As we discuss in Book I, a conductor is a material that allows current to flow and an insulator is a material that doesn’t. Good conductors allow current to flow with abandon, without impediments. Examples of good conductors include the metals copper and aluminium. Carbon is also an excellent conductor. Good insulators, on the other hand, erect solid walls that completely block current. Examples of good insulators include glass, Teflon and plastic.
The key factor that determines whether a material is a conductor or an insulator is how readily its atoms give up electrons to move charge along. Most atoms are very possessive of their electrons, and are therefore good insulators. But some atoms don’t have a strong hold on their outermost electrons. Those atoms are good conductors.
Creating resistance
If a conductor and an insulator are mixed together, the result is a compound that conducts current, but not very well. Such a compound has resistance – that is, it resists the flow of current. The degree to which the compound resists current depends on the exact mix of elements that make up the compound.
For example, a conducting material such as carbon may be mixed with an insulating material such as ceramic. If the mix is mostly carbon, the overall resistance of the mixture is low. If the mix is mostly ceramic, the overall resistance is high.
The truth is that all materials have some resistance. Even the best conductors have a small but measurable amount of resistance. The only exceptions are certain materials called superconductors that, when chilled to unbelievably low temperatures, conduct with 100% efficiency. Unfortunately, you can’t buy superconductors at your local electronic shop, and even if you could, you’d never get a freezer powerful enough to chill the stuff down to absolute zero.
Measuring resistance
Resistance is measured in units called ohms, represented by the Greek letter omega (Ω). The standard definition of 1 ohm is simple: the amount of resistance required to allow 1 ampere of current to flow when 1 V of voltage is applied to the circuit. In other words, if you connect a 1 ohm resistor across the terminals of a 1 V battery, 1 amp of current flows through the resistor (unless it is rated at less than 1 W, in which case it will go pop!).

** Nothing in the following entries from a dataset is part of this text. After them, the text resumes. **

(* Let $\mathbf M=(M,\vee,(\sqsubseteq^n)_{n\ge 1})$ be a multi-argument specialization semilattice. Then there exist a set $X$ and a closure operation $K$ on $\mathcal P(X)$ such that $\mathbf M$ embeds into the multi-argument specialization semilattice $(\mathcal P(X),\cup,(\sqsubseteq^n)_{n\ge1})$ associated to the closure space $(X,K)$, where $a\sqsubseteq^n b_1,\dots,b_n$ holds iff $a\subseteq Kb_1\cup\dots\cup Kb_n$. That is, there is an injective map $\varphi:M\to\mathcal P(X)$ with $\varphi(a\vee b)=\varphi(a)\cup\varphi(b)$ for all $a,b\in M$, and for all $n\ge1$ and $a,b_1,\dots,b_n\in M$: $a\sqsubseteq^n b_1,\dots,b_n$ in $\mathbf M$ if and only if $\varphi(a)\subseteq K\varphi(b_1)\cup\dots\cup K\varphi(b_n)$.
   Context: A multi-argument specialization semilattice is a join semilattice $(M,\vee)$ (with order $a\le b$ iff $a\vee b=b$) together with, for each $n\ge1$, an $(n+1)$-ary relation written $a\sqsubseteq^n b_1,\dots,b_n$ (or $a\sqsubseteq b_1,\dots,b_n$), such that for all elements: (M1) $a\sqsubseteq a$; (M2) if $a\sqsubseteq b_1,b_2,\dots,b_n$ and $b_1\sqsubseteq c$ then $a\sqsubseteq c,b_2,\dots,b_n$; (M3) if $a\le b$ and $b\sqsubseteq c_1,\dots,c_m$ then $a\sqsubseteq c_1,\dots,c_m$; (M4) if $a\sqsubseteq b_1,\dots,b_n$ then $a\sqsubseteq b_{\sigma1},\dots,b_{\sigma n}$ for every permutation $\sigma$ of $\{1,\dots,n\}$; (M5) if $a\sqsubseteq b_1,\dots,b_n,b_n$ then $a\sqsubseteq b_1,\dots,b_n$; (M6) if $a\sqsubseteq b_1,\dots,b_n$ then $a\sqsubseteq b_1,\dots,b_n,b_{n+1}$; (M7) if $a\sqsubseteq b_1,\dots,b_n$ and $a_1\sqsubseteq b_1,\dots,b_n$ then $a\vee a_1\sqsubseteq b_1,\dots,b_n$. A closure operation $K$ on $\mathcal P(X)$ is extensive ($x\subseteq Kx$), idempotent ($KKx=Kx$) and isotone ($x\subseteq y\Rightarrow Kx\subseteq Ky$). *)

theory Defs
  imports "HOL-Combinatorics.Permutations"
begin

text \<open>S a [b1,...,bn] encodes a \<sqsubseteq>^n b1,...,bn; only nonempty lists (n >= 1) matter.\<close>

definition mss :: "('a::semilattice_sup \<Rightarrow> 'a list \<Rightarrow> bool) \<Rightarrow> bool" where
  "mss S \<longleftrightarrow>
     (\<forall>a. S a [a]) \<and>
     (\<forall>a b bs c. S a (b # bs) \<and> S b [c] \<longrightarrow> S a (c # bs)) \<and>
     (\<forall>a b cs. a \<le> b \<and> cs \<noteq> [] \<and> S b cs \<longrightarrow> S a cs) \<and>
     (\<forall>a bs \<sigma>. bs \<noteq> [] \<and> \<sigma> permutes {..<length bs} \<and> S a bs \<longrightarrow>
        S a (map (\<lambda>i. bs ! \<sigma> i) [0..<length bs])) \<and>
     (\<forall>a bs b. S a (bs @ [b, b]) \<longrightarrow> S a (bs @ [b])) \<and>
     (\<forall>a bs c. bs \<noteq> [] \<and> S a bs \<longrightarrow> S a (bs @ [c])) \<and>
     (\<forall>a a1 bs. bs \<noteq> [] \<and> S a bs \<and> S a1 bs \<longrightarrow> S (sup a a1) bs)"

definition closure_op_on :: "'b set \<Rightarrow> ('b set \<Rightarrow> 'b set) \<Rightarrow> bool" where
  "closure_op_on X K \<longleftrightarrow>
     (\<forall>x. x \<subseteq> X \<longrightarrow> K x \<subseteq> X \<and> x \<subseteq> K x \<and> K (K x) = K x) \<and>
     (\<forall>x y. x \<subseteq> y \<and> y \<subseteq> X \<longrightarrow> K x \<subseteq> K y)"

end

theory Submission
  imports Defs
begin

text \<open>Take as points the pairs (J, N) where J is an ideal of M and N \<subseteq> J is closed
  downwards under unary specialization, and a \<sqsubseteq> bs with all entries of bs in N forces
  a \<in> J. Send a to the set of points with a \<notin> J, and generate the closure from the
  sets U b of points with b \<notin> N. The points (\<down>b, \<emptyset>) make the map injective; for a
  nonempty list bs, the point J = {c. c \<sqsubseteq> bs}, N = {c. c \<sqsubseteq> b for some b in bs} shows
  that a \<sqsubseteq> bs is reflected, and in particular that the closure of the image of b is U b.\<close>

definition generated_closure :: "'b set \<Rightarrow> 'b set set \<Rightarrow> 'b set \<Rightarrow> 'b set" where
  "generated_closure X F Y = X \<inter> \<Inter>{C \<in> F. Y \<subseteq> C}"

lemma closure_op_on_generated_closure: "closure_op_on X (generated_closure X F)"
  unfolding closure_op_on_def generated_closure_def by blast

lemma generated_closure_eqI:
  assumes "C \<in> F" "C \<subseteq> X" "Y \<subseteq> C" "\<And>D. D \<in> F \<Longrightarrow> Y \<subseteq> D \<Longrightarrow> C \<subseteq> D"
  shows "generated_closure X F Y = C"
  using assms unfolding generated_closure_def by blast

context
  fixes S :: "'a::semilattice_sup \<Rightarrow> 'a list \<Rightarrow> bool"
  assumes mss: "mss S"
begin

lemma mss_refl: "S a [a]"
  using mss unfolding mss_def by metis

lemma mss_trans_head: "S a (b # bs) \<Longrightarrow> S b [c] \<Longrightarrow> S a (c # bs)"
  using mss unfolding mss_def by metis

lemma mss_antimono: "a \<le> b \<Longrightarrow> cs \<noteq> [] \<Longrightarrow> S b cs \<Longrightarrow> S a cs"
  using mss unfolding mss_def by metis

lemma mss_contract: "S a (bs @ [b, b]) \<Longrightarrow> S a (bs @ [b])"
  using mss unfolding mss_def by metis

lemma mss_snoc: "bs \<noteq> [] \<Longrightarrow> S a bs \<Longrightarrow> S a (bs @ [c])"
  using mss unfolding mss_def by metis

lemma mss_sup: "bs \<noteq> [] \<Longrightarrow> S a bs \<Longrightarrow> S a' bs \<Longrightarrow> S (sup a a') bs"
  using mss unfolding mss_def by metis

lemma mss_permute: "bs \<noteq> [] \<Longrightarrow> \<sigma> permutes {..<length bs} \<Longrightarrow> S a bs \<Longrightarrow> S a (permute_list \<sigma> bs)"
  using mss unfolding mss_def permute_list_def by metis

lemma mss_mset_eq:
  assumes "S a xs" and "mset xs = mset ys"
  shows "S a ys"
proof (cases "xs = []")
  case True
  then show ?thesis using assms by simp
next
  case False
  obtain \<sigma> where "\<sigma> permutes {..<length xs}" and "permute_list \<sigma> xs = ys"
    using mset_eq_permutation assms(2)[symmetric] by blast
  with False assms(1) show ?thesis
    using mss_permute by blast
qed

lemma mss_append: "S a xs \<Longrightarrow> xs \<noteq> [] \<Longrightarrow> S a (xs @ ys)"
proof (induction ys arbitrary: xs)
  case Nil
  then show ?case by simp
next
  case (Cons y ys)
  then have "S a ((xs @ [y]) @ ys)" using mss_snoc by blast
  then show ?case by simp
qed

lemma mss_remove_duplicate:
  assumes "x \<in> set ys" and "S a (x # ys)"
  shows "S a ys"
proof -
  have "S a (remove1 x ys @ [x, x])"
    using mss_mset_eq[OF assms(2)] assms(1) by simp
  then have "S a (remove1 x ys @ [x])" by (rule mss_contract)
  then show ?thesis
    using mss_mset_eq assms(1) by simp
qed

lemma mss_drop_prefix: "set xs \<subseteq> set ys \<Longrightarrow> S a (xs @ ys) \<Longrightarrow> S a ys"
proof (induction xs)
  case (Cons x xs)
  then have "S a (xs @ ys)"
    using mss_remove_duplicate[of x "xs @ ys"] by simp
  with Cons.IH Cons.prems(1) show ?case by simp
qed simp

lemma mss_set_mono:
  assumes "S a xs" "xs \<noteq> []" "set xs \<subseteq> set ys"
  shows "S a ys"
  using assms mss_append mss_drop_prefix by blast

lemma mss_cut_list:
  assumes "bs \<noteq> []" and covered: "\<forall>c\<in>set cs. \<exists>b\<in>set bs. S c [b]"
  shows "S a (cs @ ys) \<Longrightarrow> cs @ ys \<noteq> [] \<Longrightarrow> S a (bs @ ys)"
  using covered
proof (induction cs arbitrary: ys)
  case Nil
  then show ?case using mss_set_mono by simp
next
  case (Cons c cs)
  then obtain b where b: "b \<in> set bs" "S c [b]" by auto
  have "S a (b # cs @ ys)"
    using mss_trans_head Cons.prems(1) b(2) by simp
  then have "S a (cs @ ys @ [b])"
    by (rule mss_mset_eq) simp
  then have "S a (bs @ ys @ [b])"
    using Cons.IH Cons.prems(3) by simp
  then show ?case
    using mss_set_mono b(1) assms(1) by fastforce
qed

end

definition mss_point :: "('a::semilattice_sup \<Rightarrow> 'a list \<Rightarrow> bool) \<Rightarrow> 'a set \<Rightarrow> 'a set \<Rightarrow> bool" where
  "mss_point S J N \<longleftrightarrow>
     (\<forall>x y. x \<le> y \<and> y \<in> J \<longrightarrow> x \<in> J) \<and> (\<forall>x\<in>J. \<forall>y\<in>J. sup x y \<in> J) \<and> N \<subseteq> J \<and>
     (\<forall>c\<in>N. \<forall>c'. S c' [c] \<longrightarrow> c' \<in> N) \<and>
     (\<forall>a bs. bs \<noteq> [] \<and> set bs \<subseteq> N \<and> S a bs \<longrightarrow> a \<in> J)"

text \<open>A point P stands for the pair (\<Union>P, \<Inter>P); every pair (J, N) with N \<subseteq> J arises from
  P = {J, N}.\<close>

definition mss_points :: "('a::semilattice_sup \<Rightarrow> 'a list \<Rightarrow> bool) \<Rightarrow> 'a set set set" where
  "mss_points S = {P. mss_point S (\<Union>P) (\<Inter>P)}"

definition mss_embed :: "('a::semilattice_sup \<Rightarrow> 'a list \<Rightarrow> bool) \<Rightarrow> 'a \<Rightarrow> 'a set set set" where
  "mss_embed S a = {P \<in> mss_points S. a \<notin> \<Union>P}"

definition mss_basic_closed :: "('a::semilattice_sup \<Rightarrow> 'a list \<Rightarrow> bool) \<Rightarrow> 'a \<Rightarrow> 'a set set set" where
  "mss_basic_closed S b = {P \<in> mss_points S. b \<notin> \<Inter>P}"

lemma mss_point_subset: "mss_point S J N \<Longrightarrow> N \<subseteq> J"
  unfolding mss_point_def by blast

lemma pair_in_mss_points:
  assumes "mss_point S J N"
  shows "{J, N} \<in> mss_points S"
proof -
  have "N \<subseteq> J" using assms by (rule mss_point_subset)
  then have "\<Union>{J, N} = J" and "\<Inter>{J, N} = N" by auto
  with assms show ?thesis
    unfolding mss_points_def by simp
qed

lemma mss_point_not_all_in:
  "mss_point S J N \<Longrightarrow> S a bs \<Longrightarrow> bs \<noteq> [] \<Longrightarrow> a \<notin> J \<Longrightarrow> \<exists>b\<in>set bs. b \<notin> N"
  unfolding mss_point_def by (meson subsetI)

lemma mss_point_principal: "mss_point S {x. x \<le> b} {}"
  unfolding mss_point_def by (auto intro: order_trans)

lemma mss_point_of_list:
  assumes "mss S" and "bs \<noteq> []"
  shows "mss_point S {c. S c bs} {c. \<exists>b\<in>set bs. S c [b]}"
  unfolding mss_point_def
proof (intro conjI allI impI ballI subsetI; simp only: mem_Collect_eq)
  show "S x bs" if "x \<le> y \<and> S y bs" for x y
    using mss_antimono[OF assms(1)] assms(2) that by blast
  show "S (sup x y) bs" if "S x bs" "S y bs" for x y
    using mss_sup[OF assms] that .
  show "S c bs" if "\<exists>b\<in>set bs. S c [b]" for c
    using mss_set_mono[OF assms(1), of c "[_]" bs] that by auto
  show "\<exists>b\<in>set bs. S c' [b]" if "\<exists>b\<in>set bs. S c [b]" "S c' [c]" for c c'
    using mss_trans_head[OF assms(1), of c' c "[]"] that by auto
  show "S a bs" if "cs \<noteq> [] \<and> set cs \<subseteq> {c. \<exists>b\<in>set bs. S c [b]} \<and> S a cs" for a cs
    using mss_cut_list[OF assms, of cs a "[]"] that by auto
qed

lemma mss_embed_subset_iff: "mss_embed S a \<subseteq> mss_embed S b \<longleftrightarrow> a \<le> b"
proof
  assume "mss_embed S a \<subseteq> mss_embed S b"
  moreover have "{{x. x \<le> b}, {}} \<in> mss_points S"
    using pair_in_mss_points mss_point_principal by blast
  ultimately show "a \<le> b"
    unfolding mss_embed_def by auto
next
  assume "a \<le> b"
  then show "mss_embed S a \<subseteq> mss_embed S b"
    unfolding mss_embed_def mss_points_def mss_point_def by blast
qed

lemma inj_mss_embed: "inj (mss_embed S)"
  by (rule injI) (metis mss_embed_subset_iff order.antisym order.refl)

lemma mss_point_sup_iff: "mss_point S J N \<Longrightarrow> sup a b \<in> J \<longleftrightarrow> a \<in> J \<and> b \<in> J"
  unfolding mss_point_def by (meson sup_ge1 sup_ge2)

lemma mss_embed_sup: "mss_embed S (sup a b) = mss_embed S a \<union> mss_embed S b"
proof -
  have "sup a b \<notin> \<Union>P \<longleftrightarrow> a \<notin> \<Union>P \<or> b \<notin> \<Union>P" if "P \<in> mss_points S" for P
    using that mss_point_sup_iff[of S "\<Union>P" "\<Inter>P" a b] unfolding mss_points_def by simp
  then show ?thesis
    unfolding mss_embed_def by blast
qed

lemma mss_iff_embed_subset_basic_closed:
  assumes "mss S" and "bs \<noteq> []"
  shows "S a bs \<longleftrightarrow> mss_embed S a \<subseteq> (\<Union>b\<in>set bs. mss_basic_closed S b)"
proof
  assume "S a bs"
  show "mss_embed S a \<subseteq> (\<Union>b\<in>set bs. mss_basic_closed S b)"
  proof
    fix P assume "P \<in> mss_embed S a"
    then have P: "mss_point S (\<Union>P) (\<Inter>P)" "P \<in> mss_points S" "a \<notin> \<Union>P"
      unfolding mss_embed_def mss_points_def by auto
    then obtain b where "b \<in> set bs" "b \<notin> \<Inter>P"
      using mss_point_not_all_in[OF P(1) \<open>S a bs\<close> assms(2)] by blast
    with P(2) show "P \<in> (\<Union>b\<in>set bs. mss_basic_closed S b)"
      unfolding mss_basic_closed_def by blast
  qed
next
  assume subset: "mss_embed S a \<subseteq> (\<Union>b\<in>set bs. mss_basic_closed S b)"
  define J where "J = {c. S c bs}"
  define N where "N = {c. \<exists>b\<in>set bs. S c [b]}"
  have point: "mss_point S J N"
    unfolding J_def N_def using mss_point_of_list[OF assms] .
  then have "N \<subseteq> J"
    by (rule mss_point_subset)
  then have pair: "\<Union>{J, N} = J" "\<Inter>{J, N} = N" by auto
  show "S a bs"
  proof (rule ccontr)
    assume "\<not> S a bs"
    then have "a \<notin> \<Union>{J, N}"
      using \<open>N \<subseteq> J\<close> by (auto simp: J_def)
    then have "{J, N} \<in> mss_embed S a"
      using pair_in_mss_points[OF point] unfolding mss_embed_def by blast
    then obtain b where "b \<in> set bs" "{J, N} \<in> mss_basic_closed S b"
      using subset by blast
    then have "b \<notin> \<Inter>{J, N}"
      unfolding mss_basic_closed_def by blast
    with pair(2) have "b \<notin> N"
      by simp
    with \<open>b \<in> set bs\<close> show False
      using mss_refl[OF assms(1)] unfolding N_def by blast
  qed
qed

lemma mss_basic_closed_mono: "S b [c] \<Longrightarrow> mss_basic_closed S b \<subseteq> mss_basic_closed S c"
  unfolding mss_basic_closed_def mss_points_def mss_point_def by blast

lemma mss_closure_embed:
  assumes "mss S"
  shows "generated_closure (mss_points S) (range (mss_basic_closed S)) (mss_embed S b)
    = mss_basic_closed S b"
proof (rule generated_closure_eqI)
  have single: "S a [c] \<longleftrightarrow> mss_embed S a \<subseteq> mss_basic_closed S c" for a c
    using mss_iff_embed_subset_basic_closed[OF assms, of "[c]" a] by simp
  show "mss_embed S b \<subseteq> mss_basic_closed S b"
    using single mss_refl[OF assms] by blast
  fix D assume "D \<in> range (mss_basic_closed S)" and "mss_embed S b \<subseteq> D"
  then obtain c where "D = mss_basic_closed S c" and "S b [c]"
    using single by blast
  then show "mss_basic_closed S b \<subseteq> D"
    using mss_basic_closed_mono by blast
qed (auto simp: mss_basic_closed_def)

theorem corollary5p2:
  fixes S :: "'a::semilattice_sup \<Rightarrow> 'a list \<Rightarrow> bool"
  assumes "mss S"
  shows "\<exists>(X :: 'a set set set) K \<phi>.
           closure_op_on X K \<and> inj \<phi> \<and> (\<forall>a. \<phi> a \<subseteq> X) \<and>
           (\<forall>a b. \<phi> (sup a b) = \<phi> a \<union> \<phi> b) \<and>
           (\<forall>a bs. bs \<noteq> [] \<longrightarrow> (S a bs \<longleftrightarrow> \<phi> a \<subseteq> (\<Union>b\<in>set bs. K (\<phi> b))))"
proof (intro exI conjI allI impI)
  let ?K = "generated_closure (mss_points S) (range (mss_basic_closed S))"
  show "closure_op_on (mss_points S) ?K"
    by (rule closure_op_on_generated_closure)
  show "inj (mss_embed S)"
    by (rule inj_mss_embed)
  show "mss_embed S a \<subseteq> mss_points S" for a
    unfolding mss_embed_def by blast
  show "mss_embed S (sup a b) = mss_embed S a \<union> mss_embed S b" for a b
    by (rule mss_embed_sup)
  show "S a bs \<longleftrightarrow> mss_embed S a \<subseteq> (\<Union>b\<in>set bs. ?K (mss_embed S b))" if "bs \<noteq> []" for a bs
    using mss_iff_embed_subset_basic_closed[OF assms that] by (simp add: mss_closure_embed[OF assms])
qed

end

A single ohm (1 Ω) is in fact a very small amount of resistance. Electronic circuits usually call for resistances in the hundreds, thousands or even millions of ohms.
In Book I, Chapter 8, you discover that you can measure resistance of a circuit using an ohmmeter, which is a standard feature found in most multimeters. The procedure is simple: you disconnect all voltage sources from the circuit and then touch the ohmmeter’s two probes to the ends of the circuit and read the resistance (in ohms) on the meter.
Here are a few other points to consider about resistance and ohms:
Abbreviations: The abbreviations k (for kilo) and M (for mega) are used for thousands and millions of ohms. Thus, a 1,000-ohm resistance is written as 1 kΩ, and a 1,000,000-ohm resistance is written as 1 MΩ.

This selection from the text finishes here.